The case of Sabina is fascinating for Jung and his soon-to-be mentor and friend Sigmund Freud (Viggo Mortenson) because of its severity and the potential it holds for advancing the future of their shared study: what will become psychoanalysis. Jung travels to Vienna to meet Freud, and the pair share a long, revelatory day together where their specific intentions are slowly unveiled. Freud sees the younger Jung as the future, while the latter tends to view the elder man as a father figure. But amidst the stunning Swiss lakes, pristine woods, and cobblestone streets, a psychological schism emerges between the two men, a mental divide that manifests itself through manipulation and deceit. The film quickly becomes a study in division, both emotionally and ideoligically.

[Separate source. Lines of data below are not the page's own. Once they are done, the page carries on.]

(* Let $N\ge1$, $p,q>0$ with $p+q=1$. Let $P'_{Y'}(X';t)$ be the transition probability of the AZRP with $N$ particles from $Y'$ to $X'$ at time $t$, and $P_Y(X;t)$ the transition probability of the ASEP with $N$ particles from $Y$ to $X$ at time $t$. Define $f(x_1,\dots,x_N)=(x_1+1,x_2+2,\dots,x_N+N)$, a bijection from $\{x_1\le\cdots\le x_N\}\subset\mathbb{Z}^N$ onto $\{x_1<\cdots<x_N\}\subset\mathbb{Z}^N$. Then for all $X',Y'$ with weakly increasing coordinates and all $t\ge0$, $P'_{Y'}(X';t)=P_{f(Y')}(f(X');t)$.
   Context: AZRP: any number of particles may occupy a site of $\mathbb{Z}$; from each occupied site one particle leaves at rate $1$, moving to the right neighbor with probability $p$ and to the left neighbor with probability $q$; configurations are the ordered positions $x_1\le\cdots\le x_N$. ASEP (asymmetric simple exclusion process): at most one particle per site; each particle jumps one step to the right at rate $p$ and one step to the left at rate $q$, a jump being suppressed if the target site is occupied; configurations are $x_1<\cdots<x_N$. *)

theory Defs
  imports Complex_Main
begin

text \<open>A chain is given by jump rates rate x y (for y different from x) which vanish
outside a finite neighbourhood nb x. Since rates are bounded, the
transition probabilities are the entries of exp(tQ), computed as a power series;
the n-th power of Q is a finite sum over neighbourhoods.\<close>

definition generator :: "('a \<Rightarrow> 'a \<Rightarrow> real) \<Rightarrow> ('a \<Rightarrow> 'a set) \<Rightarrow> 'a \<Rightarrow> 'a \<Rightarrow> real" where
  "generator rate nb x y =
     (if x = y then - (\<Sum>z\<in>nb x - {x}. rate x z) else rate x y)"

fun gen_pow :: "('a \<Rightarrow> 'a \<Rightarrow> real) \<Rightarrow> ('a \<Rightarrow> 'a set) \<Rightarrow> nat \<Rightarrow> 'a \<Rightarrow> 'a \<Rightarrow> real" where
  "gen_pow rate nb 0 x y = (if x = y then 1 else 0)"
| "gen_pow rate nb (Suc n) x y = (\<Sum>z\<in>nb x. generator rate nb x z * gen_pow rate nb n z y)"

definition trans_prob :: "('a \<Rightarrow> 'a \<Rightarrow> real) \<Rightarrow> ('a \<Rightarrow> 'a set) \<Rightarrow> real \<Rightarrow> 'a \<Rightarrow> 'a \<Rightarrow> real" where
  "trans_prob rate nb t x y = (\<Sum>n. t ^ n / fact n * gen_pow rate nb n x y)"

text \<open>A configuration of N particles is an int list of length N (ordered positions
x_1,...,x_N, indexed 0..N-1 here). One jump moves a single particle by one step.\<close>

definition nbhd :: "int list \<Rightarrow> int list set" where
  "nbhd x = {x} \<union> {x[i := x ! i + 1] | i. i < length x} \<union> {x[i := x ! i - 1] | i. i < length x}"

text \<open>AZRP in ordered coordinates: from each occupied site one particle leaves at rate 1,
to the right w.p. p, to the left w.p. q. To keep order, the right-moving particle is the
one with the largest index at the site, the left-moving one the smallest index.\<close>
definition azrp_rate :: "real \<Rightarrow> real \<Rightarrow> int list \<Rightarrow> int list \<Rightarrow> real" where
  "azrp_rate p q x y =
    (\<Sum>i<length x.
       (if y = x[i := x ! i + 1] \<and> (Suc i = length x \<or> x ! i < x ! Suc i) then p else 0)
     + (if y = x[i := x ! i - 1] \<and> (i = 0 \<or> x ! (i - 1) < x ! i) then q else 0))"

definition asep_rate :: "real \<Rightarrow> real \<Rightarrow> int list \<Rightarrow> int list \<Rightarrow> real" where
  "asep_rate p q x y =
    (\<Sum>i<length x.
       (if y = x[i := x ! i + 1] \<and> (Suc i = length x \<or> x ! i + 1 < x ! Suc i) then p else 0)
     + (if y = x[i := x ! i - 1] \<and> (i = 0 \<or> x ! (i - 1) < x ! i - 1) then q else 0))"

definition azrp_prob :: "real \<Rightarrow> real \<Rightarrow> int list \<Rightarrow> int list \<Rightarrow> real \<Rightarrow> real" where
  "azrp_prob p q Y X t = trans_prob (azrp_rate p q) nbhd t Y X"

definition asep_prob :: "real \<Rightarrow> real \<Rightarrow> int list \<Rightarrow> int list \<Rightarrow> real \<Rightarrow> real" where
  "asep_prob p q Y X t = trans_prob (asep_rate p q) nbhd t Y X"

definition shift_conf :: "int list \<Rightarrow> int list" where
  "shift_conf x = map (\<lambda>i. x ! i + int (Suc i)) [0..<length x]"

end

theory Submission
  imports Defs
begin

text \<open>The shift f is a bijection between configurations that maps the neighbourhood of x onto the
neighbourhood of f x and turns AZRP rates into ASEP rates: a particle at x_i that may jump right
in the AZRP (x_i < x_(i+1)) is exactly one that may jump right in the ASEP after shifting
(x_i + i + 2 < x_(i+1) + i + 2), and symmetrically for left jumps. Hence f is an isomorphism of
the two Markov chains, so the generators, all their powers, and the exponential series agree.
This holds for all int lists.\<close>

locale chain_isomorphism =
  fixes f :: "'a \<Rightarrow> 'b"
    and rate :: "'a \<Rightarrow> 'a \<Rightarrow> real" and nb :: "'a \<Rightarrow> 'a set"
    and rate' :: "'b \<Rightarrow> 'b \<Rightarrow> real" and nb' :: "'b \<Rightarrow> 'b set"
  assumes inj: "inj f"
    and nb_image: "nb' (f x) = f ` nb x"
    and rate_image: "rate' (f x) (f y) = rate x y"
begin

lemma generator_image: "generator rate' nb' (f x) (f y) = generator rate nb x y"
proof -
  have "(\<Sum>z\<in>nb' (f x) - {f x}. rate' (f x) z) = (\<Sum>z\<in>f ` (nb x - {x}). rate' (f x) z)"
    by (simp add: nb_image image_set_diff[OF inj])
  also have "\<dots> = (\<Sum>z\<in>nb x - {x}. rate x z)"
    by (subst sum.reindex) (auto intro: inj_on_subset[OF inj] simp: rate_image)
  finally show ?thesis
    unfolding generator_def by (cases "x = y") (simp_all add: inj_eq[OF inj] rate_image)
qed

lemma gen_pow_image: "gen_pow rate' nb' n (f x) (f y) = gen_pow rate nb n x y"
proof (induction n arbitrary: x)
  case 0
  show ?case by (simp add: inj_eq[OF inj])
next
  case (Suc n)
  have "gen_pow rate' nb' (Suc n) (f x) (f y)
      = (\<Sum>z\<in>f ` nb x. generator rate' nb' (f x) z * gen_pow rate' nb' n z (f y))"
    by (simp add: nb_image)
  also have "\<dots> = (\<Sum>z\<in>nb x. generator rate nb x z * gen_pow rate nb n z y)"
    by (subst sum.reindex) (auto intro: inj_on_subset[OF inj] simp: generator_image Suc.IH)
  finally show ?case by simp
qed

lemma trans_prob_image: "trans_prob rate' nb' t (f x) (f y) = trans_prob rate nb t x y"
  unfolding trans_prob_def by (simp add: gen_pow_image)

end

lemma length_shift_conf [simp]: "length (shift_conf x) = length x"
  by (simp add: shift_conf_def)

lemma nth_shift_conf [simp]: "i < length x \<Longrightarrow> shift_conf x ! i = x ! i + int (Suc i)"
  by (simp add: shift_conf_def)

lemma inj_shift_conf: "inj shift_conf"
proof (rule injI)
  fix x y assume eq: "shift_conf x = shift_conf y"
  then have "length x = length y" by (metis length_shift_conf)
  moreover have "x ! i = y ! i" if "i < length x" for i
    using arg_cong[OF eq, of "\<lambda>z. z ! i"] that \<open>length x = length y\<close> by simp
  ultimately show "x = y" by (rule nth_equalityI)
qed

lemma shift_conf_eq_iff [simp]: "shift_conf x = shift_conf y \<longleftrightarrow> x = y"
  using inj_shift_conf by (simp add: inj_eq)

lemma shift_conf_step:
  "i < length x \<Longrightarrow> (shift_conf x)[i := shift_conf x ! i + d] = shift_conf (x[i := x ! i + d])"
  by (rule nth_equalityI) (auto simp: nth_list_update)

lemma nbhd_shift_conf: "nbhd (shift_conf x) = shift_conf ` nbhd x"
proof -
  have "{(shift_conf x)[i := shift_conf x ! i + d] | i. i < length x}
      = shift_conf ` {x[i := x ! i + d] | i. i < length x}" for d
    by (auto simp del: nth_shift_conf simp: shift_conf_step) (metis shift_conf_step)
  from this[of 1] this[of "-1"] show ?thesis
    unfolding nbhd_def length_shift_conf by (simp add: image_Un)
qed

lemma asep_rate_shift_conf: "asep_rate p q (shift_conf x) (shift_conf y) = azrp_rate p q x y"
  unfolding asep_rate_def azrp_rate_def length_shift_conf
proof (rule sum.cong[OF refl])
  fix i assume "i \<in> {..<length x}"
  then have i: "i < length x" by simp
  have right: "(shift_conf y = (shift_conf x)[i := shift_conf x ! i + 1]) = (y = x[i := x ! i + 1])"
    using shift_conf_step[OF i, of 1] by simp
  have left: "(shift_conf y = (shift_conf x)[i := shift_conf x ! i - 1]) = (y = x[i := x ! i - 1])"
    using shift_conf_step[OF i, of "-1"] by simp
  have right_free: "(Suc i = length x \<or> shift_conf x ! i + 1 < shift_conf x ! Suc i)
      = (Suc i = length x \<or> x ! i < x ! Suc i)"
    using i by (cases "Suc i = length x") auto
  have left_free: "(i = 0 \<or> shift_conf x ! (i - 1) < shift_conf x ! i - 1) = (i = 0 \<or> x ! (i - 1) < x ! i)"
    using i by (cases i) auto
  show "(if shift_conf y = (shift_conf x)[i := shift_conf x ! i + 1]
            \<and> (Suc i = length x \<or> shift_conf x ! i + 1 < shift_conf x ! Suc i) then p else 0)
      + (if shift_conf y = (shift_conf x)[i := shift_conf x ! i - 1]
            \<and> (i = 0 \<or> shift_conf x ! (i - 1) < shift_conf x ! i - 1) then q else 0)
      = (if y = x[i := x ! i + 1] \<and> (Suc i = length x \<or> x ! i < x ! Suc i) then p else 0)
      + (if y = x[i := x ! i - 1] \<and> (i = 0 \<or> x ! (i - 1) < x ! i) then q else 0)"
    by (simp only: right left right_free left_free)
qed

theorem mainTheorem3:
  fixes N :: nat and p q t :: real and X Y :: "int list"
  assumes "N \<ge> 1" and "p > 0" and "q > 0" and "p + q = 1"
    and "length X = N" and "length Y = N" and "sorted X" and "sorted Y"
    and "t \<ge> 0"
  shows "azrp_prob p q Y X t = asep_prob p q (shift_conf Y) (shift_conf X) t"
proof -
  interpret chain_isomorphism shift_conf "azrp_rate p q" nbhd "asep_rate p q" nbhd
    by unfold_locales (simp_all add: inj_shift_conf nbhd_shift_conf asep_rate_shift_conf)
  show ?thesis
    unfolding azrp_prob_def asep_prob_def by (simp add: trans_prob_image)
qed

end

A Dangerous Method is the rare period-piece biopic that values ideas over visual window-dressing, nuance instead of pomp and circumstance. Jung and Freud's fascinating roller coaster ride of a relationship reveals Cronenberg's true intention: that the friction of contrasting thoughts/forces can create something new and incendiary. But there's a cost to this process, usually a friendship or kinetic sexual connection that cannot be salvaged. Finally, whereas most Cronenberg films focus on the process of deformed bodies or skin, A Dangerous Method unveils warped relationships, internal struggles that are often visualized through the juxtaposition of silent bodies standing next to glistening natural surfaces. Despite their convictions or ideologies, each character in A Dangerous Method is gently ripped to shreds by their own emotional miscalculations, broken from the inside out. Call it a bloodless dissection of body and soul.